# Insulate my smoker. Ideas?



## ungy (Sep 1, 2013)

Insulate my smoker. Ideas?

I am wanting to insulate my smoker before winter start to rain and snow here in Michigan. I have a Smoke Hollow Pro series LP. (photo below). I was thinking of using a welding blanket but I am now thinking I will go with something more permanent. I just don’t know what that is. I was thinking of ¾” fiberglass panels with a ¼” plywood on the outside to help reduce damage to the fiberglass.

I thought about leaving it in my garage during the winter but the condo association won’t let me put a chimney thru the roof.

Some materials Ive looked at

Fiberfrax Durablanket 2” thick – R-value unknown $145.00 to cover whole smoker (used for insulating boilers ect).
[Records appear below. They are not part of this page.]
section \<open>The generator and parity-check matrices\<close>

lemma (in vec_space) full_rank_if_det_mult_nonzero:
  assumes A: "A \<in> carrier_mat n nc" and C: "C \<in> carrier_mat nc n" and "det (A * C) \<noteq> 0"
  shows "rank A = n"
proof -
  obtain D where D: "D \<in> carrier_mat n n" "(A * C) * D = 1\<^sub>m n"
    using det_non_zero_imp_unit[of "A * C" n] assms unfolding Units_def ring_mat_def by auto
  have cols: "set (cols A) \<subseteq> carrier_vec n" using A cols_dim by blast
  have image: "A *\<^sub>v x \<in> span (set (cols A))" if x: "x \<in> carrier_vec nc" for x
  proof -
    have "lincomb_list (\<lambda>i. x $ i) (cols A)
        = mat_of_cols n (cols A) *\<^sub>v vec (length (cols A)) (\<lambda>i. x $ i)"
      by (rule lincomb_list_as_mat_mult) (use cols in auto)
    moreover have "mat_of_cols n (cols A) = A" "vec (length (cols A)) (\<lambda>i. x $ i) = x"
      using A x mat_of_cols_cols[of A] by (auto intro!: eq_vecI)
    ultimately have "A *\<^sub>v x = lincomb_list (\<lambda>i. x $ i) (cols A)" by simp
    then show ?thesis
      using in_span_listI[where c = "\<lambda>i. x $ i"] span_list_as_span[OF cols] by auto
  qed
  have "y \<in> span (set (cols A))" if y: "y \<in> carrier_vec n" for y
  proof -
    have "y = (A * C * D) *\<^sub>v y" using D y by simp
    also have "\<dots> = (A * C) *\<^sub>v (D *\<^sub>v y)"
      by (rule assoc_mult_mat_vec) (use A C D y in auto)
    also have "\<dots> = A *\<^sub>v (C *\<^sub>v (D *\<^sub>v y))"
      by (rule assoc_mult_mat_vec) (use A C D y in auto)
    finally show ?thesis using image C D y by (metis mult_mat_vec_carrier)
  qed
  then have "span (set (cols A)) = carrier_vec n" using span_closed[OF cols] by auto
  then have "rank A = vectorspace.dim class_ring (vs (carrier_vec n))" unfolding rank_def by simp
  also have "vs (carrier_vec n) = V" using carrier_vs_is_self by simp
  finally show ?thesis using dim_is_n by simp
qed

lemma sum_power_uj: "(\<Sum>j=0..<n. \<alpha> j ^ m * uj n \<alpha> j) = divdiff_power {0..<n} \<alpha> m"
  by (simp add: divdiff_power_def uj_def lagrange_weight_def)

lemma sum_uj_Pj:
  assumes "inj_on \<alpha> {0..<n}" "0 < n"
  shows "(\<Sum>j=0..<n. uj n \<alpha> j * Pj n \<alpha> j) = (-1) ^ (n - 1)"
  using sum_lagrange_weight_prod_others[OF _ _ assms(1), of "n - 1"] assms(2)
  by (simp add: uj_def Pj_def lagrange_weight_def)

lemma sum_power_Pj_uj_eq_0:
  assumes "inj_on \<alpha> {0..<n}" "0 < m" "m < n"
  shows "(\<Sum>j=0..<n. \<alpha> j ^ m * Pj n \<alpha> j * uj n \<alpha> j) = 0"
proof -
  have "\<alpha> j ^ m * Pj n \<alpha> j = (\<Prod>i=0..<n. \<alpha> i) * \<alpha> j ^ (m - 1)" if "j < n" for j
    using that assms(2) by (cases m) (simp_all add: Pj_def prod.remove)
  then have "(\<Sum>j=0..<n. \<alpha> j ^ m * Pj n \<alpha> j * uj n \<alpha> j)
      = (\<Prod>i=0..<n. \<alpha> i) * divdiff_power {0..<n} \<alpha> (m - 1)"
    by (simp add: sum_power_uj[symmetric] sum_distrib_left mult.assoc)
  then show ?thesis using divdiff_power_eq_0[OF assms(1), of "m - 1"] assms(2,3) by simp
qed

definition Omega_row :: "nat \<Rightarrow> nat \<Rightarrow> nat \<Rightarrow> (nat \<Rightarrow> 'a::field) \<Rightarrow> (nat \<Rightarrow> 'a) \<Rightarrow> nat \<Rightarrow> 'a" where
  "Omega_row n k l \<alpha> \<eta> i = (if i < n - k - (l + 1) then 0 else Omega n l \<alpha> \<eta> (n - k - i))"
Bonus is the scraps can be used as gasket material around the smoker doors and fire box.

Polystyrene Insulated Sheet 1” thick  R6.5(I worry about this melting) $24.00 to cover whole smoker

THERMAX[emoji]8482[/emoji] Sheathing 1”thick R6.5 (glass-fiber-reinforced polyisocyanurate foam core) price unknown called my local lumber yard and waiting for a relpy

If anyone has some suggestions I would love to hear them. 













IMG_1177.JPG



__ ungy
__ Sep 1, 2013


----------



## dward51 (Sep 1, 2013)

I would be worried about any foam based product.  Foams do not handle high heat and some start to melt and break down at around 250-270*.  Some have a low flash point and might actually catch fire.
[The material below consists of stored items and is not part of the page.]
lemma hlcs_lsc_convex_nbhd:
  assumes T: "hlcs T" and "lsc_fun T g" "ereal r < g x0"
  obtains V where "openin T V" "convex V" "0 \<in> V" "\<And>v. v \<in> V \<Longrightarrow> ereal r < g (x0 + v)"
proof -
  have "closedin T {x \<in> topspace T. g x \<le> ereal r}"
    using assms(2) unfolding lsc_fun_def by blast
  then have "openin T (topspace T - {x \<in> topspace T. g x \<le> ereal r})"
    by (rule openin_diff[OF openin_topspace])
  moreover have "topspace T - {x \<in> topspace T. g x \<le> ereal r} = {x. ereal r < g x}"
    using hlcs_topspace[OF T] by auto
  ultimately have "openin T {x. ereal r < g x}" by simp
  from openin_continuous_map_preimage[OF hlcs_continuous_map_affine[OF T, of 1 x0] this]
  have "openin T {v. ereal r < g (x0 + v)}"
    by (simp add: hlcs_topspace[OF T] add.commute)
  moreover have "0 \<in> {v. ereal r < g (x0 + v)}" using assms(3) by simp
  ultimately obtain V where "openin T V" "convex V" "0 \<in> V" "V \<subseteq> {v. ereal r < g (x0 + v)}"
    using T unfolding hlcs_def by blast
  then show ?thesis using that by blast
qed

section \<open>Sublinear functions and their subdifferential at zero\<close>

lemma convex_cone_epigraph:
  assumes "sublinear g" "g 0 = 0"
  shows "convex_cone {(x, t). g x \<le> ereal t}"
  unfolding convex_cone_iff
proof (intro conjI ballI allI impI)
  show "0 \<in> {(x, t). g x \<le> ereal t}" using assms(2) by (simp add: zero_prod_def)
next
  fix u v assume "u \<in> {(x, t). g x \<le> ereal t}" "v \<in> {(x, t). g x \<le> ereal t}"
  then obtain x s y t where uv: "u = (x, s)" "v = (y, t)" "g x \<le> ereal s" "g y \<le> ereal t"
    by auto
  have "g (x + y) \<le> g x + g y" using assms(1) unfolding sublinear_def by blast
  also have "\<dots> \<le> ereal s + ereal t" using uv by (intro add_mono)
  finally show "u + v \<in> {(x, t). g x \<le> ereal t}" using uv by simp
next
  fix u and c :: real assume u: "u \<in> {(x, t). g x \<le> ereal t}" and c: "0 \<le> c"
  show "c *\<^sub>R u \<in> {(x, t). g x \<le> ereal t}"
  proof (cases "c = 0")
    case False
    then have "g (c *\<^sub>R fst u) = ereal c * g (fst u)" using assms(1) c unfolding sublinear_def by simp
    also have "\<dots> \<le> ereal c * ereal (snd u)"
      using u c by (intro ereal_mult_left_mono) (auto simp: case_prod_beta)
    finally show ?thesis by (simp add: case_prod_beta)
  qed (use assms(2) in \<open>simp add: case_prod_beta\<close>)
qed

lemma sublinear_zero:
  assumes T: "hlcs T" and g: "proper_fun g" "lsc_fun T g" "sublinear g"
  shows "g 0 = 0"
proof -
  have hom: "\<And>x t. 0 < t \<Longrightarrow> g (t *\<^sub>R x) = ereal t * g x"
    using g(3) unfolding sublinear_def by blast
  have "g 0 = ereal 2 * g 0" using hom[of 2 0] by simp
  moreover have "g 0 \<noteq> -\<infinity>" using g(1) unfolding proper_fun_def by blast
  ultimately have "g 0 = 0 \<or> g 0 = \<infinity>" by (cases "g 0") auto
  moreover have "g 0 \<noteq> \<infinity>"
  proof -
    obtain x where "g x \<noteq> \<infinity>" "g x \<noteq> -\<infinity>"
      using g(1) unfolding proper_fun_def by blast
    then obtain a where a: "g x = ereal a" by (cases "g x") auto
    define S where "S = {t. g (t *\<^sub>R x) \<le> ereal \<bar>a\<bar>}"
    have "continuous_map euclideanreal T (\<lambda>t. t *\<^sub>R x)"
      using T hlcs_topspace[OF T] by (intro hlcs_continuous_map_scaleR) auto
    moreover have "closedin T {y \<in> topspace T. g y \<le> ereal \<bar>a\<bar>}"
      using g(2) unfolding lsc_fun_def by blast
    ultimately have "closed S"
      using closedin_continuous_map_preimage unfolding S_def by (fastforce simp: hlcs_topspace[OF T])
    moreover have "{0<..1} \<subseteq> S"
    proof
      fix t :: real assume t: "t \<in> {0<..1}"
      have "t * a \<le> t * \<bar>a\<bar>" using t by (intro mult_left_mono) auto
      also have "\<dots> \<le> \<bar>a\<bar>" using t by (intro mult_left_le_one_le) auto
      finally show "t \<in> S" using hom[of t x] t a by (simp add: S_def)
    qed
    ultimately have "{0..1} \<subseteq> S"
      using closure_minimal[of "{0<..1}" S] by simp
    then have "0 \<in> S" by auto
    then show ?thesis by (auto simp: S_def)
  qed
  ultimately show ?thesis by blast
qed

lemma tdual_add: "\<phi> \<in> tdual T \<Longrightarrow> \<psi> \<in> tdual T \<Longrightarrow> (\<lambda>x. \<phi> x + \<psi> x) \<in> tdual T"
  unfolding tdual_def by (auto intro: linear_compose_add continuous_map_add)

lemma tdual_diff: "\<phi> \<in> tdual T \<Longrightarrow> \<psi> \<in> tdual T \<Longrightarrow> (\<lambda>x. \<phi> x - \<psi> x) \<in> tdual T"
  unfolding tdual_def by (auto intro: linear_compose_sub continuous_map_diff)

lemma tdual_scale: "\<phi> \<in> tdual T \<Longrightarrow> (\<lambda>x. c * \<phi> x) \<in> tdual T"
  unfolding tdual_def using linear_compose_scale_right[of \<phi> c]
  by (auto intro: continuous_map_real_mult_left)

lemma subdiff0I:
  assumes "\<phi> \<in> tdual T" "\<And>x t. g x \<le> ereal t \<Longrightarrow> \<phi> x \<le> t"
  shows "\<phi> \<in> subdiff0 T g"
proof -
  have "ereal (\<phi> x) \<le> g x" for x
  proof (cases "g x")
    case (real t)
    then show ?thesis using assms(2)[of x t] by simp
  next
    case MInf
    then show ?thesis using assms(2)[of x "\<phi> x - 1"] by simp
  qed simp
  then show ?thesis using assms(1) unfolding subdiff0_def by blast
qed

lemma linear_on_prod_real:
  fixes F :: "'a::real_vector \<times> real \<Rightarrow> real"
  assumes "linear F"
  shows "linear (\<lambda>x. F (x, 0))" "F (x, t) = F (x, 0) + F (0, 1) * t"
proof -
  show "linear (\<lambda>x. F (x, 0))"
  proof (rule linearI)
    show "F (a + b, 0) = F (a, 0) + F (b, 0)" for a b
      using linear_add[OF assms, of "(a, 0)" "(b, 0)"] by simp
    show "F (c *\<^sub>R a, 0) = c *\<^sub>R F (a, 0)" for c a
      using linear_scale[OF assms, of c "(a, 0)"] by simp
  qed
  show "F (x, t) = F (x, 0) + F (0, 1) * t"
    using linear_add[OF assms, of "(x, 0)" "(0, t)"] linear_scale[OF assms, of t "(0, 1)"]
    by (simp add: mult.commute)
qed

lemma sublinear_epigraph_separation_absorbing:
  assumes g: "sublinear g" "g 0 = 0" and V: "convex V" "0 \<in> V" "absorbing V"
    and "r < r'" and above: "\<And>v. v \<in> V \<Longrightarrow> ereal r' < g (x0 + v)"
  obtains \<phi> \<alpha> where "linear \<phi>" "\<And>v. v \<in> V \<Longrightarrow> -1 \<le> \<phi> v" "\<alpha> \<le> 0"
    "\<And>x t. g x \<le> ereal t \<Longrightarrow> \<phi> x + \<alpha> * t \<le> 0" "0 < \<phi> x0 + \<alpha> * r"
proof -
  define C where "C = {(x, t). g x \<le> ereal t}"
  define N where "N = uminus ` V \<times> {r - r'<..}"
  have N_convex: "convex N"
    unfolding N_def by (intro convex_Times convex_negations V(1)) simp
  have "0 \<in> uminus ` V" using V(2) image_eqI[of 0 uminus 0] by simp
  then have N_zero: "0 \<in> N"
    using \<open>r < r'\<close> by (simp add: N_def zero_prod_def)
  have "absorbing {r - r'<..}"
    using \<open>r < r'\<close> by (intro absorbing_open) auto
  then have N_absorbing: "absorbing N"
    unfolding N_def using \<open>0 \<in> uminus ` V\<close> \<open>r < r'\<close>
    by (intro absorbing_Times convex_negations absorbing_negations V) auto
  have "(x0, r) \<notin> C + N"
  proof
    assume "(x0, r) \<in> C + N"
    then obtain x t v s where "g x \<le> ereal t" "v \<in> V" "r - r' < s" "(x0, r) = (x, t) + (- v, s)"
      unfolding C_def N_def set_plus_def by auto
    then have "g (x0 + v) \<le> ereal t" "t < r'" by (auto simp: algebra_simps)
    then show False using above[OF \<open>v \<in> V\<close>] by (metis ereal_less_eq(3) less_le_not_le order_trans)
  qed
  from convex_cone_separation[OF convex_cone_epigraph[OF g] N_convex N_zero N_absorbing,
      folded C_def, OF this]
  obtain F :: "'a \<times> real \<Rightarrow> real" where F: "linear F" "\<And>c. c \<in> C \<Longrightarrow> F c \<le> 0"
    "\<And>n. n \<in> N \<Longrightarrow> F n \<le> 1" "1 \<le> F (x0, r)"
    by blast
  note F_split = linear_on_prod_real[OF F(1)]
  show ?thesis
  proof (rule that[OF F_split(1)])
    show "-1 \<le> F (v, 0)" if "v \<in> V" for v
    proof -
      have "- v \<in> uminus ` V" using that by (rule imageI)
      then have "F (- v, 0) \<le> 1" using F(3) \<open>r < r'\<close> by (simp add: N_def)
      moreover have "F (- v, 0) = - F (v, 0)" using linear_neg[OF F_split(1), of v] by simp
      ultimately show ?thesis by simp
    qed
    show "F (0, 1) \<le> 0" using F(2)[of "(0, 1)"] g(2) by (simp add: C_def)
    show "F (x, 0) + F (0, 1) * t \<le> 0" if "g x \<le> ereal t" for x t
      using F(2)[of "(x, t)"] that F_split(2)[of x t] by (simp add: C_def)
    show "0 < F (x0, 0) + F (0, 1) * r" using F(4) F_split(2)[of x0 r] by simp
  qed
qed

lemma sublinear_epigraph_separation:
  assumes T: "hlcs T" and g: "sublinear g" "g 0 = 0" "lsc_fun T g" and r: "ereal r < g x0"
  obtains \<phi> \<alpha> where "\<phi> \<in> tdual T" "\<alpha> \<le> 0" "\<And>x t. g x \<le> ereal t \<Longrightarrow> \<phi> x + \<alpha> * t \<le> 0"
    "0 < \<phi> x0 + \<alpha> * r"
proof -
  obtain r' where r': "ereal r < ereal r'" "ereal r' < g x0"
    using ereal_dense2[OF r] by blast
  obtain V where V: "openin T V" "convex V" "0 \<in> V" "\<And>v. v \<in> V \<Longrightarrow> ereal r' < g (x0 + v)"
    using hlcs_lsc_convex_nbhd[OF T g(3) r'(2)] by blast
  have "r < r'" using r'(1) by simp
  obtain \<phi> \<alpha> where sep: "linear \<phi>" "\<And>v. v \<in> V \<Longrightarrow> -1 \<le> \<phi> v" "\<alpha> \<le> 0"
    "\<And>x t. g x \<le> ereal t \<Longrightarrow> \<phi> x + \<alpha> * t \<le> 0" "0 < \<phi> x0 + \<alpha> * r"
    using sublinear_epigraph_separation_absorbing[OF g(1,2) V(2,3) hlcs_absorbing[OF T V(1,3)]
        \<open>r < r'\<close> V(4)]
    by blast
  have "\<phi> \<in> tdual T"
    unfolding tdual_def using linear_continuous_if_bounded_below[OF T sep(1) V(1,3) sep(2)] sep(1)
    by blast
  then show ?thesis using that sep(3-5) by blast
qed

lemma normalized_separator_in_subdiff0:
  assumes "\<phi> \<in> tdual T" "\<alpha> < 0" "\<And>x t. g x \<le> ereal t \<Longrightarrow> \<phi> x + \<alpha> * t \<le> 0"
  shows "(\<lambda>x. (- 1 / \<alpha>) * \<phi> x) \<in> subdiff0 T g"
proof (rule subdiff0I)
  show "(\<lambda>x. (- 1 / \<alpha>) * \<phi> x) \<in> tdual T" using assms(1) by (rule tdual_scale)
  show "(- 1 / \<alpha>) * \<phi> x \<le> t" if "g x \<le> ereal t" for x t
    using assms(3)[OF that] assms(2) by (simp add: field_simps)
qed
I would go with a mineral wool product such as Roxul.  I have read that regular fiberglass insulation which is unfaced can handle 500-600* without issues, but I can't confirm that.  Roxul or other similar products are made for high heat, and it's not that expensive.  You can sometimes find it a the local Home Depot or Lowes also.


----------



## lamar (Nov 10, 2013)

Here is a link to how I insulated my Landman 38" wide.   

http://www.smokingmeatforums.com/t/151626/insulating-the-landman-38-wide


----------



## uberhack (Nov 24, 2013)

I'm a welder blanket guy, but my brother in law uses fire bricks in his Traeger during cold weather.  His definition of "cold weather" is very different from mine though. He's in San Francisco and I'm in Colorado. 
Anyone else tried the fire bricks?


----------



## lamar (Nov 24, 2013)

I smoked today........outside temp was 18F.   My rig held temp as steady as a rock.  This combination works for me.


----------